The Bare bones Task (65 points)

In this project, you will design a simple distributed file system with replication and disconnection management features. The system will consist of several file servers, and clients which interact with them. Normal operations related to file systems, such as creating, deleting, opening, closing, reading, writing, seeking etc. should be allowed. These requests should be processed by the fileserver that the client is connected to. When a file is created by a client, it resides on the fileserver which the client is connected to, and is owned by this client. In other words, the primary copy of the file is kept on this server. When some fileserver receives a request for operations on a file, it should contact the server which owns the file and create a replica locally. All operations should then proceed on the replica. For the basic task, we will create a pessimistic replication scheme. In other words, any operations (such as write) which could throw the replicas out of sync will be permitted on one replica only. However, any number of file servers can freely create replicas and perform operations which do not alter the file. Your system should allow a fileserver wanting to create a replica to tell the owner filesystem the mode in which it wants a file. If the mode is one which will change the file, then the requester should also specify a lease period. The lessee fileserver promises to return any changes to the file to the lessor (owner) within the lease period, or seek an extension, which may or may not be granted. If changes are returned in time, then the owner fileserver should "commit" them, and update all other replicas appropriately. If the lessee does not return the changes before lease expiry, then the lessor should invalidate any changes that the lessee many have made (and send it a message to this effect). Any request for a lease on a file that has already been leased out should be blocked. The owner should lease the the file out in a FIFO process and unblock the corresponding process.

Optimistic Replication (25 points)

The idea here is to extend the bare bones system to permit multiple servers to simultaneously operate on replicas in a manner which will change them (e.g. concurrent writes on replicas). There are several published approaches in literature to achieve this, and you can chose to implement (some subset) of any one of them. Good starting points include the CODA and SPRITE papers on the course web site, besides the URLs provided below. When the changes are returned, they should be merged as needed and the file updated. If the changes are inconsistent, your system should simply flag an error and chose one of the changes to commit. Your design documents should specify exactly what you would implement.

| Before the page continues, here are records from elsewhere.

lemma lattice_infinite_pairwise_nonprop:
  assumes "is_lattice L"
  obtains S where "infinite S" "S \<subseteq> L - {0}" "pairwise_nonprop S"
proof -
  obtain w1 w2 where w: "wedge w1 w2 \<noteq> 0" and L: "L = lattice_of w1 w2"
    using assms unfolding is_lattice_def wedge_def by blast
  define f where "f n = of_nat n * w1 + w2" for n :: nat
  have wedge_f: "wedge (f n) (f m) = (real n - real m) * wedge w1 w2" for n m
    by (simp add: f_def wedge_eq algebra_simps)
  have f_nonzero: "f n \<noteq> 0" for n
    using wedge_f[of n "Suc n"] w by (auto simp: wedge_eq)
  have "inj f"
  proof (rule injI)
    fix n m assume "f n = f m"
    then have "(real n - real m) * wedge w1 w2 = 0"
      using wedge_f[of n m] by simp
    then show "n = m"
      using w by simp
  qed
  moreover have "range f \<subseteq> L - {0}"
    using f_nonzero lattice_of_memI[of "int _" w1 1 w2] by (auto simp: f_def L)
  moreover have "pairwise_nonprop (range f)"
    unfolding pairwise_nonprop_def
    using wedge_f w f_nonzero by (auto simp: real_proportional_iff_wedge)
  ultimately show ?thesis
    using that range_inj_infinite by blast
qed

lemma wedge_eq_0_if_Arg_eq:
  assumes "Arg u = Arg v"
  shows "wedge u v = 0"
proof -
  have "wedge u v = wedge (of_real (cmod u) * cis (Arg u)) (of_real (cmod v) * cis (Arg u))"
    using assms rcis_cmod_Arg[of u] rcis_cmod_Arg[of v] by (simp add: rcis_def)
  then show ?thesis
    by (simp add: wedge_scaleR_left wedge_scaleR_right)
qed

lemma inj_Arg_add_of_nat:
  assumes "Im x \<noteq> 0"
  shows "inj (\<lambda>k::nat. Arg (x + of_nat k))"
proof (rule injI)
  fix k j :: nat assume "Arg (x + of_nat k) = Arg (x + of_nat j)"
  then have "wedge (x + of_nat k) (x + of_nat j) = 0"
    by (rule wedge_eq_0_if_Arg_eq)
  moreover have "wedge (x + of_nat k) (x + of_nat j) = (real k - real j) * Im x"
    by (simp add: wedge_eq algebra_simps)
  ultimately show "k = j"
    using assms by simp
qed

lemma is_lattice_if_has_CM:
  assumes "has_CM L"
  shows "is_lattice L"
proof -
  obtain c \<tau> where "c \<noteq> 0" "imag_quadratic \<tau>" and L: "L = (\<lambda>z. c * z) ` lattice_of \<tau> 1"
    using assms unfolding has_CM_def by blast
  moreover have "wedge (c * \<tau>) (c * 1) = - (cmod c)\<^sup>2 * Im \<tau>"
    unfolding wedge_mult_left by (simp add: wedge_eq)
  ultimately have "Im (cnj (c * \<tau>) * c) \<noteq> 0"
    unfolding imag_quadratic_def wedge_def by simp
  moreover have "L = lattice_of (c * \<tau>) c"
    unfolding L image_mult_lattice_of by simp
  ultimately show ?thesis
    unfolding is_lattice_def by blast
qed

lemma has_CM_infinite_angles:
  assumes "has_CM L"
  shows "infinite {\<alpha>\<in>{0<..<pi}. \<exists>S. infinite S \<and> S \<subseteq> angle_pair_dirs L \<alpha> \<and> pairwise_nonprop S}"
proof -
  obtain c \<tau> where "imag_quadratic \<tau>" and L: "L = (\<lambda>z. c * z) ` lattice_of \<tau> 1"
    using assms unfolding has_CM_def by blast
  then obtain a b d :: int where a: "a \<noteq> 0" and quad: "of_int a * \<tau>\<^sup>2 + of_int b * \<tau> + of_int d = 0"
    and "Im \<tau> \<noteq> 0"
    unfolding imag_quadratic_def by blast
  define \<epsilon> :: int where "\<epsilon> = (if Im \<tau> > 0 then 1 else -1)"
  define \<mu> where "\<mu> k = of_int \<epsilon> * \<tau> + of_nat k" for k :: nat
  have Im_\<mu>: "Im (\<mu> k) > 0" for k
    using \<open>Im \<tau> \<noteq> 0\<close> by (auto simp: \<mu>_def \<epsilon>_def)
  obtain S where S: "infinite S" "S \<subseteq> L - {0}" "pairwise_nonprop S"
    using lattice_infinite_pairwise_nonprop[OF is_lattice_if_has_CM[OF assms]] by blast
  have "Arg (\<mu> k) \<in> {0<..<pi} \<and> S \<subseteq> angle_pair_dirs L (Arg (\<mu> k))" for k
  proof
    show "Arg (\<mu> k) \<in> {0<..<pi}"
      using Arg_lt_pi Im_\<mu> by auto
    have "\<mu> k \<in> lattice_of \<tau> 1"
      using lattice_of_memI[of \<epsilon> \<tau> "int k" 1] by (simp add: \<mu>_def)
    moreover have "\<mu> k \<noteq> 0"
      using Im_\<mu>[of k] by auto
    ultimately show "S \<subseteq> angle_pair_dirs L (Arg (\<mu> k))"
      using CM_lattice_subset_angle_pair_dirs[OF L a quad] S(2) by blast
  qed
  then have "range (\<lambda>k. Arg (\<mu> k))
      \<subseteq> {\<alpha>\<in>{0<..<pi}. \<exists>S. infinite S \<and> S \<subseteq> angle_pair_dirs L \<alpha> \<and> pairwise_nonprop S}"
    using S by blast
  moreover have "Im (of_int \<epsilon> * \<tau>) > 0"
    using Im_\<mu>[of 0] by (simp add: \<mu>_def)
  then have "inj (\<lambda>k. Arg (\<mu> k))"
    unfolding \<mu>_def by (intro inj_Arg_add_of_nat) (metis less_irrefl)
  ultimately show ?thesis
    using range_inj_infinite infinite_super by blast
qed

Fileserver Discovery (10 points)

One problem with the scheme we have outlined is that a client needs to know up front about the appropriate fileserver. This can create a problem with mobile systems -- where the client moves and can reconnect at any arbitrary network (Imagine unplugging a machine from your office, and plugging it back in here at campus, and still have it work). What is needed is a mechanism that will allow a client to find its nearest fileserver automatically. Your system should permit this. (Hint: Think Jini).

Experiments

A part of your project is to design and carry out an experimental validation to convince us that your system works. You should also analyze your system for scalability -- both in the number of clients and the number of servers. You should experiment with different workload mixtures. Comment on the results you get -- try to identify what assumptions you made or implementation mechanisms of your system cause particular scalability patterns. Try and identify both the strengths and weaknesses of your system. If you use your experimental results to refine your design, make sure you bring this out in your report.

Some general suggestions

As should be evident to most of you, it is imperative for a project of this complexity and involving teams that you design your system before you code! In your design, you will need to make assumptions as you flesh in the details of the system. Please make sure that you state them in your design document. Make a timeline for your work, and try and stick to it. Where you divide tasks, make sure you clearly define points of articulation and interfaces between modules. As you form groups, please make sure that you can find a common time to meet. This is especially true for those who are part time students and hold jobs which will restrict your schedule. Please comment your code well -- it will help both you and us. You in figuring out code your partners have written, us in grading it. Also, use some form of revision control on your source tree. CS/UCS machines have systems such as CVS and RCS available for your use. This will help if lightening strikes, UPC fails and machines/disks crash, making your recent changes disappear! Please do create makefiles as well.

References

The Coda System (http://www.cs.cmu.edu/afs/cs/project/coda/Web/coda.html)
The FICUS System (http://ficus-www.cs.ucla.edu/ficus/)
The Sprite System (http://www.cs.berkeley.edu/projects/sprite/sprite.html)
The NOW/xFS System (http://now.cs.berkeley.edu/Xfs/xfs.html)